Let's do a think-experiment. Imagine that the world around you just froze. Nothing is changing. Everything is on a standstill. Is there anything, that is meaningful? Anything you can learn? Nothing. A stopped world is equivalent to a no world! The world exists because it “changes”. Rotations and revolutions of planets, the evolution of species, economic growth or decline, population mechanics, rise and fall of stock markets……..there is a notion of “change” at the heart of just every phenomenon.

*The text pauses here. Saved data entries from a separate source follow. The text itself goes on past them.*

definition essential_valuation_overring :: "'a::field set \<Rightarrow> 'a set \<Rightarrow> bool" where
  "essential_valuation_overring D V \<longleftrightarrow> valuation_domain V \<and> D \<subseteq> V \<and>
     (\<exists>p\<in>Spec D. V = localization D p)"

definition essential_representation :: "'a::field set \<Rightarrow> 'a set set \<Rightarrow> bool" where
  "essential_representation D \<V> \<longleftrightarrow>
     (\<forall>V\<in>\<V>. essential_valuation_overring D V) \<and> \<Inter>\<V> = D"

definition essential_domain :: "'a::field set \<Rightarrow> bool" where
  "essential_domain D \<longleftrightarrow> (\<exists>\<V>. essential_representation D \<V>)"

definition zariski_V :: "'a::field set \<Rightarrow> 'a set \<Rightarrow> 'a set set" where
  "zariski_V D S = {p \<in> Spec D. S \<subseteq> p}"

text \<open>Quasi-compactness in the Zariski topology: the open sets are exactly
  Spec D - V(S) for S \<subseteq> D; every open cover of Y has a finite subcover.\<close>
definition zariski_quasi_compact :: "'a::field set \<Rightarrow> 'a set set \<Rightarrow> bool" where
  "zariski_quasi_compact D Y \<longleftrightarrow> Y \<subseteq> Spec D \<and>
     (\<forall>\<A>. (\<forall>S\<in>\<A>. S \<subseteq> D) \<and> Y \<subseteq> (\<Union>S\<in>\<A>. Spec D - zariski_V D S) \<longrightarrow>
        (\<exists>\<B>\<subseteq>\<A>. finite \<B> \<and> Y \<subseteq> (\<Union>S\<in>\<B>. Spec D - zariski_V D S)))"

end

theory Submission
  imports Defs
begin

(* The central tool is the notion of a v-proper ideal: one none of whose nonzero finitely
   generated subideals J has J^v = D.  Proper t-ideals are v-proper, and by Zorn's lemma
   every v-proper ideal is contained in a t-maximal ideal (an ideal maximal among the
   v-proper ones is t-maximal).  Three consequences drive the proof:
   - D is the intersection of its localizations at t-maximal ideals (conductor argument);
   - if all t-maximal ideals are prime, they form a quasi-compact subspace of Spec D;
   - a prime p with D_p a valuation domain is a t-ideal.
   (i) \<Rightarrow> (ii): for a PvMD take Y = the t-maximal ideals; they are prime since their
   localizations are valuation domains.
   (ii) \<Rightarrow> (i): quasi-compactness of Y and D = \<Inter>{D_p : p \<in> Y} force every nonzero
   t-maximal m below some p \<in> Y; p is a proper t-ideal, so p = m and D_m = D_p is a
   valuation domain. *)

definition module_of :: "'a::field set \<Rightarrow> 'a set \<Rightarrow> bool" where
  "module_of D M \<longleftrightarrow> 0 \<in> M \<and> (\<forall>x\<in>M. \<forall>y\<in>M. x + y \<in> M) \<and> (\<forall>d\<in>D. \<forall>x\<in>M. d * x \<in> M)"

lemma subring_zero: "subring_of D \<Longrightarrow> 0 \<in> D"
  and subring_one: "subring_of D \<Longrightarrow> 1 \<in> D"
  and subring_add: "subring_of D \<Longrightarrow> x \<in> D \<Longrightarrow> y \<in> D \<Longrightarrow> x + y \<in> D"
  and subring_mult: "subring_of D \<Longrightarrow> x \<in> D \<Longrightarrow> y \<in> D \<Longrightarrow> x * y \<in> D"
  by (simp_all add: subring_of_def)

lemma module_of_subring: "subring_of D \<Longrightarrow> module_of D D"
  unfolding module_of_def by (auto intro: subring_zero subring_add subring_mult)

lemma module_of_ideal: "ideal_of D I \<Longrightarrow> module_of D I"
  unfolding ideal_of_def module_of_def by blast

lemma module_of_zero: "module_of D {0}"
  unfolding module_of_def by simp

lemma colon_module: "subring_of D \<Longrightarrow> module_of D (colon D X)"
  unfolding module_of_def colon_def
  by (auto simp: distrib_right mult.assoc intro: subring_zero subring_add subring_mult)

lemma sum_in_module:
  assumes "module_of D M" "finite A" "\<And>a. a \<in> A \<Longrightarrow> g a \<in> M"
  shows "sum g A \<in> M"
  using assms(2,3) by induction (use assms(1) in \<open>auto simp: module_of_def\<close>)

lemma gen_by_module:
  assumes "subring_of D" shows "module_of D (gen_by D A)"
  unfolding module_of_def
proof (intro conjI ballI)
  show "0 \<in> gen_by D A"
    unfolding gen_by_def using subring_zero[OF assms] by (auto intro!: exI[of _ "\<lambda>_. 0"])
next
  fix x y assume "x \<in> gen_by D A" "y \<in> gen_by D A"
  then obtain f g where "x = (\<Sum>a\<in>A. f a * a)" "\<forall>a\<in>A. f a \<in> D"
    and "y = (\<Sum>a\<in>A. g a * a)" "\<forall>a\<in>A. g a \<in> D" unfolding gen_by_def by blast
  then show "x + y \<in> gen_by D A" unfolding gen_by_def
    by (intro CollectI exI[of _ "\<lambda>a. f a + g a"])
       (simp add: sum.distrib distrib_right subring_add[OF assms])
next
  fix d x assume "d \<in> D" "x \<in> gen_by D A"
  then obtain f where "x = (\<Sum>a\<in>A. f a * a)" "\<forall>a\<in>A. f a \<in> D" unfolding gen_by_def by blast
  with \<open>d \<in> D\<close> show "d * x \<in> gen_by D A" unfolding gen_by_def
    by (intro CollectI exI[of _ "\<lambda>a. d * f a"])
       (simp add: sum_distrib_left mult.assoc subring_mult[OF assms])
qed

lemma gen_by_least:
  assumes "finite A" "module_of D M" "A \<subseteq> M"
  shows "gen_by D A \<subseteq> M"
proof
  fix x assume "x \<in> gen_by D A"
  then obtain f where f: "x = (\<Sum>a\<in>A. f a * a)" "\<forall>a\<in>A. f a \<in> D" unfolding gen_by_def by blast
  show "x \<in> M" unfolding f(1)
    by (rule sum_in_module[OF assms(2,1)]) (use f assms(2,3) in \<open>auto simp: module_of_def\<close>)
qed

lemma gen_by_self:
  assumes "subring_of D" "finite A" shows "A \<subseteq> gen_by D A"
proof
  fix a assume "a \<in> A"
  have "(\<Sum>b\<in>A. (if b = a then 1 else 0) * b) = (\<Sum>b\<in>A. if b = a then b else 0)"
    by (rule sum.cong) auto
  also have "\<dots> = a" using \<open>a \<in> A\<close> assms(2) by (simp add: sum.delta)
  finally have "(\<Sum>b\<in>A. (if b = a then 1 else 0) * b) = a" .
  then show "a \<in> gen_by D A" unfolding gen_by_def
    using subring_zero[OF assms(1)] subring_one[OF assms(1)]
    by (intro CollectI exI[of _ "\<lambda>b. if b = a then 1 else 0"]) auto
qed

lemma gen_by_mono:
  "subring_of D \<Longrightarrow> finite B \<Longrightarrow> A \<subseteq> B \<Longrightarrow> gen_by D A \<subseteq> gen_by D B"
  by (meson finite_subset gen_by_least gen_by_module gen_by_self order_trans)

lemma gen_by_eq_zero_iff:
  assumes "subring_of D" "finite A" shows "gen_by D A = {0} \<longleftrightarrow> A \<subseteq> {0}"
  using gen_by_self[OF assms] gen_by_least[OF assms(2) module_of_zero]
    gen_by_module[OF assms(1), of A] unfolding module_of_def by blast

lemma gen_by_in_ideal:
  "subring_of D \<Longrightarrow> ideal_of D I \<Longrightarrow> finite A \<Longrightarrow> A \<subseteq> I \<Longrightarrow> gen_by D A \<subseteq> I"
  by (rule gen_by_least) (auto intro: module_of_ideal)

lemma ideal_with_one: "ideal_of D I \<Longrightarrow> 1 \<in> I \<Longrightarrow> I = D"
  unfolding ideal_of_def by (metis mult_1_right subsetI subset_antisym)

lemma colon_gen_by:
  assumes "subring_of D" "finite A"
  shows "colon D (gen_by D A) = {y. \<forall>a\<in>A. y * a \<in> D}"
proof
  show "colon D (gen_by D A) \<subseteq> {y. \<forall>a\<in>A. y * a \<in> D}"
    using gen_by_self[OF assms] unfolding colon_def by blast
next
  show "{y. \<forall>a\<in>A. y * a \<in> D} \<subseteq> colon D (gen_by D A)"
  proof (intro subsetI CollectI)
    fix y assume y: "y \<in> {y. \<forall>a\<in>A. y * a \<in> D}"
    have "module_of D {j. y * j \<in> D}"
      using module_of_subring[OF assms(1)]
      by (auto simp: module_of_def distrib_left mult.left_commute)
    then have "gen_by D A \<subseteq> {j. y * j \<in> D}"
      using y by (intro gen_by_least[OF assms(2)]) auto
    then show "y \<in> colon D (gen_by D A)" unfolding colon_def by blast
  qed
qed

text \<open>J^v = D, i.e. 1 \<in> J^v, holds iff (D:J) \<subseteq> D.\<close>

lemma one_in_v_op_iff: "1 \<in> v_op D J \<longleftrightarrow> colon D J \<subseteq> D"
  unfolding v_op_def colon_def by auto

lemma v_op_ext: "J \<subseteq> v_op D J"
  unfolding v_op_def colon_def by (auto simp: mult.commute)

lemma colon_antimono: "J \<subseteq> J' \<Longrightarrow> colon D J' \<subseteq> colon D J"
  unfolding colon_def by blast

lemma v_op_mono: "J \<subseteq> J' \<Longrightarrow> v_op D J \<subseteq> v_op D J'"
  unfolding v_op_def by (intro colon_antimono)

lemma colon_v_op: "colon D (v_op D J) = colon D J"
proof
  show "colon D (v_op D J) \<subseteq> colon D J" by (rule colon_antimono[OF v_op_ext])
  show "colon D J \<subseteq> colon D (v_op D J)" unfolding v_op_def colon_def by (auto simp: mult.commute)
qed

lemma v_op_least: "J \<subseteq> v_op D J' \<Longrightarrow> v_op D J \<subseteq> v_op D J'"
  by (metis colon_v_op v_op_def v_op_mono)

lemma v_op_module: "subring_of D \<Longrightarrow> module_of D (v_op D J)"
  unfolding v_op_def by (rule colon_module)

lemma v_op_subset:
  assumes "subring_of D" "J \<subseteq> D" shows "v_op D J \<subseteq> D"
proof
  fix x assume "x \<in> v_op D J"
  moreover have "1 \<in> colon D J" using assms(2) by (auto simp: colon_def)
  ultimately have "x * 1 \<in> D" unfolding v_op_def colon_def by blast
  then show "x \<in> D" by simp
qed

lemma v_op_subset_t_op:
  "finite A \<Longrightarrow> gen_by D A \<subseteq> I \<Longrightarrow> gen_by D A \<noteq> {0} \<Longrightarrow> v_op D (gen_by D A) \<subseteq> t_op D I"
  unfolding t_op_def by blast

text \<open>Every nonzero ideal P satisfies P \<subseteq> P^t: x \<in> P lies in the v-closure of the
  nonzero subideal generated by x and a fixed nonzero z \<in> P.\<close>

lemma t_op_subset_self:
  assumes sub: "subring_of D" and P: "ideal_of D P" "P \<noteq> {0}"
  shows "P \<subseteq> t_op D P"
proof
  fix x assume x: "x \<in> P"
  obtain z where z: "z \<in> P" "z \<noteq> 0" using P unfolding ideal_of_def by blast
  let ?J = "gen_by D {x, z}"
  have xz: "{x, z} \<subseteq> ?J" by (rule gen_by_self[OF sub]) simp
  have "?J \<subseteq> P" by (rule gen_by_in_ideal[OF sub P(1)]) (use x z in auto)
  moreover have "?J \<noteq> {0}" using xz z by blast
  ultimately have "v_op D ?J \<subseteq> t_op D P" by (intro v_op_subset_t_op) auto
  then show "x \<in> t_op D P" using xz v_op_ext by blast
qed

lemma t_idealI: "subring_of D \<Longrightarrow> ideal_of D P \<Longrightarrow> t_op D P \<subseteq> P \<Longrightarrow> t_ideal D P"
  unfolding t_ideal_def using t_op_subset_self by blast

lemma t_ideal_v_closed:
  assumes sub: "subring_of D" and m: "t_ideal D m"
    and A: "finite A" "A \<subseteq> m" "gen_by D A \<noteq> {0}"
  shows "v_op D (gen_by D A) \<subseteq> m"
proof -
  have "gen_by D A \<subseteq> m" using gen_by_in_ideal[OF sub _ A(1,2)] m unfolding t_ideal_def by blast
  moreover have "m \<noteq> {0}" using A gen_by_eq_zero_iff[OF sub A(1)] by blast
  then have "m = t_op D m" using m unfolding t_ideal_def by blast
  ultimately show ?thesis using v_op_subset_t_op[OF A(1) _ A(3)] by blast
qed

definition v_proper :: "'a::field set \<Rightarrow> 'a set \<Rightarrow> bool" where
  "v_proper D I \<longleftrightarrow>
     (\<forall>A. finite A \<and> A \<subseteq> I \<and> gen_by D A \<noteq> {0} \<longrightarrow> 1 \<notin> v_op D (gen_by D A))"

lemma proper_t_ideal_v_proper:
  assumes sub: "subring_of D" and "t_ideal D m" "m \<noteq> D"
  shows "v_proper D m"
  unfolding v_proper_def
proof (intro allI impI notI)
  fix A assume A: "finite A \<and> A \<subseteq> m \<and> gen_by D A \<noteq> {0}" "1 \<in> v_op D (gen_by D A)"
  then have "1 \<in> m" using t_ideal_v_closed[OF sub assms(2)] by blast
  then show False using ideal_with_one assms(2,3) unfolding t_ideal_def by blast
qed

lemma v_proper_not_one:
  assumes sub: "subring_of D" and "v_proper D P" shows "1 \<notin> P"
proof
  assume "1 \<in> P"
  have "1 \<in> gen_by D {1}" using gen_by_self[OF sub] by blast
  then have "gen_by D {1} \<noteq> {0}" "1 \<in> v_op D (gen_by D {1})" using v_op_ext by auto
  then show False using assms(2) \<open>1 \<in> P\<close> unfolding v_proper_def by blast
qed

text \<open>The union of a nonempty chain of v-proper ideals is a v-proper ideal, since finitely
  many generators already lie in a single member of the chain.\<close>

lemma v_proper_Union_chain:
  assumes ne: "\<C> \<noteq> {}" and ch: "subset.chain {P. ideal_of D P \<and> v_proper D P} \<C>"
  shows "ideal_of D (\<Union>\<C>) \<and> v_proper D (\<Union>\<C>)"
proof
  have id: "ideal_of D P" "v_proper D P" if "P \<in> \<C>" for P
    using that ch unfolding subset_chain_def by auto
  have cmp: "X \<subseteq> Y \<or> Y \<subseteq> X" if "X \<in> \<C>" "Y \<in> \<C>" for X Y
    using that ch unfolding subset_chain_def by blast
  show "ideal_of D (\<Union>\<C>)" unfolding ideal_of_def
  proof (intro conjI ballI)
    show "\<Union>\<C> \<subseteq> D" using id(1) unfolding ideal_of_def by blast
    show "0 \<in> \<Union>\<C>" using id(1) ne unfolding ideal_of_def by blast
    show "x + y \<in> \<Union>\<C>" if xy: "x \<in> \<Union>\<C>" "y \<in> \<Union>\<C>" for x y
    proof -
      obtain X Y where XY: "X \<in> \<C>" "Y \<in> \<C>" "x \<in> X" "y \<in> Y" using xy by blast
      then obtain Z where "Z \<in> \<C>" "x \<in> Z" "y \<in> Z" using cmp[OF XY(1,2)] by blast
      then show ?thesis using id(1)[of Z] unfolding ideal_of_def by blast
    qed
    show "d * x \<in> \<Union>\<C>" if "d \<in> D" "x \<in> \<Union>\<C>" for d x
      using that id(1) unfolding ideal_of_def by blast
  qed
  show "v_proper D (\<Union>\<C>)" unfolding v_proper_def
  proof (intro allI impI)
    fix A assume A: "finite A \<and> A \<subseteq> \<Union>\<C> \<and> gen_by D A \<noteq> {0}"
    then obtain B where "B \<in> \<C>" "A \<subseteq> B" using finite_subset_Union_chain[OF _ _ ne ch] by blast
    then show "1 \<notin> v_op D (gen_by D A)" using A id(2) unfolding v_proper_def by blast
  qed
qed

L等我們做一個思考，實驗。 想象一下，您周圍的世界剛剛凍結。 一切都沒有改變。 一切都停滯不前。 有什麼有意義的嗎？ 有什麼可以學的嗎？ 沒有。 停止的世界等於沒有的世界！ 世界之所以存在是因為它在“改變”。 行星的自轉和公轉，物種的演變，經濟增長或下降，人口機制，股票市場的興衰……..每個現象的核心都有“變化”的概念。

And if you take a big leap of generalization, you can see that all human knowledge is about the recognition, understanding, measurement, and manipulation of changes that occur in nature. Any knowledge about a phenomenon would roughly try to answer the following questions:

而且，如果您進行了概括性的大飛躍，您會發現所有人類知識都是關於對自然界中發生的變化的識別，理解，度量和操縱的。 有關現象的任何知識都將大致嘗試回答以下問題：

Is there a change? Which things are changing?

有變化嗎？ 哪些事情正在改變？

Does the change in one thing affects others?

一件事的改變會影響其他嗎？

How can this change be measured? Is there a rule which can explain and express this change? Can it be used to predict the change in the future?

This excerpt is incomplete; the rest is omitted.